Army explores ground-penetrating imaging technology

When U.S. troops were combing Tora Bora, where Osama bin Laden was reported to be hiding late in 2001, one challenge was not knowing what the rugged terrain concealed.

The hunt for Saddam Hussein in Iraq ended after months of searching when he was found in a 'spider hole,' a small man-made cavity whose entrance was hidden near farm buildings in Tikrit.

Looking for enemies, caches of weapons'even research facilities hidden underground'is a long, arduous process. But the Army Battle Command Battle Laboratory at Fort Huachuca, Ariz., is providing some funding to explore a technology that promises to illuminate the process.

A subterranean target identification system, or STI, is under development by Silicon Graphics Inc. STI works something like a magnetic resonance imaging machine, said Paul Temple, a senior manager at Silicon Graphics Federal. By sending sound waves into the ground and using microseismic sensors to record the movement of the waves, computer software can develop a picture of what lies anywhere from 20 feet to 1,000 feet below the surface, he said.

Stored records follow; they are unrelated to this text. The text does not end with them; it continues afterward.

lemma lattice_potential_insert:
  assumes "finite V" and "T \<subseteq> V" and "\<not> in_generated_lattice V F T"
  shows "lattice_potential V F + 2 \<le> lattice_potential V (insert T F)"
proof -
  let ?p = "\<lambda>A. A - {T}" and ?S = "signature_classes V (insert T F)"
  have "T \<notin> F" using assms(2,3) in_generated_lattice_member by blast
  then have image: "?p ` ?S = signature_classes V F" by (rule signature_classes_remove)
  have fin: "finite ?S" using assms(1) by (rule finite_signature_classes)
  have mono: "mono_on ?S ?p" by (auto intro: mono_onI)
  show ?thesis
  proof (cases "inj_on ?p ?S")
    case True
    then obtain A B where "(A, B) \<in> incomparable_pairs ?S" and "?p A \<subseteq> ?p B"
      using incomparable_signature_classes_insert assms(2,3) \<open>T \<notin> F\<close> by blast
    then have "card (incomparable_pairs (signature_classes V F)) + 2 \<le> card (incomparable_pairs ?S)"
      using card_incomparable_pairs_image_less[OF fin mono] image by fastforce
    moreover have "card (signature_classes V F) = card ?S"
      using card_image[OF True] image by simp
    ultimately show ?thesis unfolding lattice_potential_def by linarith
  next
    case False
    then have "card (signature_classes V F) < card ?S"
      using image card_image_le[OF fin, of ?p] inj_on_iff_eq_card[OF fin] by fastforce
    moreover have "card (incomparable_pairs (signature_classes V F)) \<le> card (incomparable_pairs ?S)"
      using card_incomparable_pairs_image_le[OF fin mono] image by simp
    ultimately show ?thesis unfolding lattice_potential_def by linarith
  qed
qed

lemma lattice_potential_empty: "lattice_potential V {} = 2"
proof -
  have classes: "signature_classes V {} = {{}}"
    unfolding signature_classes_def signature_def by auto
  have "incomparable_pairs {{} :: 'a set set} = {}" unfolding incomparable_pairs_def by auto
  then show ?thesis unfolding lattice_potential_def classes by simp
qed

lemma lattice_potential_le:
  assumes "finite V"
  shows "lattice_potential V F \<le> card V ^ 2 + card V + 4"
proof -
  define C where "C = signature F ` V - {F, {}}"
  define m where "m = card C"
  have fin: "finite C" using assms unfolding C_def by simp
  have "m \<le> card (signature F ` V)" unfolding m_def C_def using assms by (simp add: card_mono)
  also have "\<dots> \<le> card V" using assms by (rule card_image_le)
  finally have m: "m \<le> card V" .
  have classes: "signature_classes V F = insert F (insert {} C)"
    unfolding signature_classes_def C_def by auto
  have "card (signature_classes V F) \<le> m + 2"
    unfolding classes m_def using card_insert_le_m1 fin
    by (metis add_2_eq_Suc' card_insert_if finite_insert le_SucI le_refl)
  moreover have "incomparable_pairs (signature_classes V F) \<subseteq> C \<times> C - (\<lambda>A. (A, A)) ` C"
  proof
    fix P assume P: "P \<in> incomparable_pairs (signature_classes V F)"
    then obtain A B where AB: "P = (A, B)" "A \<in> signature_classes V F" "B \<in> signature_classes V F"
      "\<not> A \<subseteq> B" "\<not> B \<subseteq> A"
      unfolding incomparable_pairs_def by auto
    then have "A \<subseteq> F" "B \<subseteq> F"
      unfolding signature_classes_def signature_def by auto
    with AB show "P \<in> C \<times> C - (\<lambda>A. (A, A)) ` C" unfolding classes by auto
  qed
  then have "card (incomparable_pairs (signature_classes V F)) \<le> card (C \<times> C - (\<lambda>A. (A, A)) ` C)"
    using fin by (intro card_mono) auto
  moreover have "card (C \<times> C - (\<lambda>A. (A, A)) ` C) = m * m - m"
    using fin
    by (subst card_Diff_subset) (auto simp: card_image inj_on_def card_cartesian_product m_def)
  ultimately have "lattice_potential V F \<le> 2 * (m + 2) + (m * m - m)"
    unfolding lattice_potential_def by (intro add_mono) auto
  also have "\<dots> = m * m + m + 4" by (simp add: algebra_simps)
  also have "\<dots> \<le> card V ^ 2 + card V + 4"
    using m by (simp add: power2_eq_square add_mono mult_le_mono)
  finally show ?thesis .
qed

lemma in_generated_lattice_singleton:
  assumes "T \<subseteq> V" and "in_generated_lattice V {T} R"
  shows "R = T"
  using assms unfolding in_generated_lattice_def by (auto simp: signature_def)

Imagine spreading the sensors around a mosque'which military personnel aren't allowed to enter'and using sound waves to determine if there are any anomalies underneath it, Temple said.

'Typically, there's rock below the ground, but an air pocket that's shaped exactly square could be an operations center,' he said. 'If there's an air pocket shaped like a worm, it might be a tunnel; or metal [in place] of granite, maybe there are buried aircraft or trucks.'

Temple said the idea for STI came from technology currently being used in the oil and natural-gas industry. He approached officials at Fort Huachuca about sponsoring R&D into the concept.

'As a battle lab, they don't have their own funding. They get it through plus-ups [additional appropriations from Congress],' Temple said. So SGI contacted the Arizona congressional delegation, and Sen. Jon Kyl (R) took an interest.

'By leveraging the latest advanced sensing and data processing capabilities, Fort Huachuca and SGI will develop technologies that are much more effective in identifying underground facilities, posing less risk to our military men and women who are fighting the war on terrorism,' Kyl said in a statement to GCN.

The project is on schedule to conduct demonstrations by the end of the year, Temple said.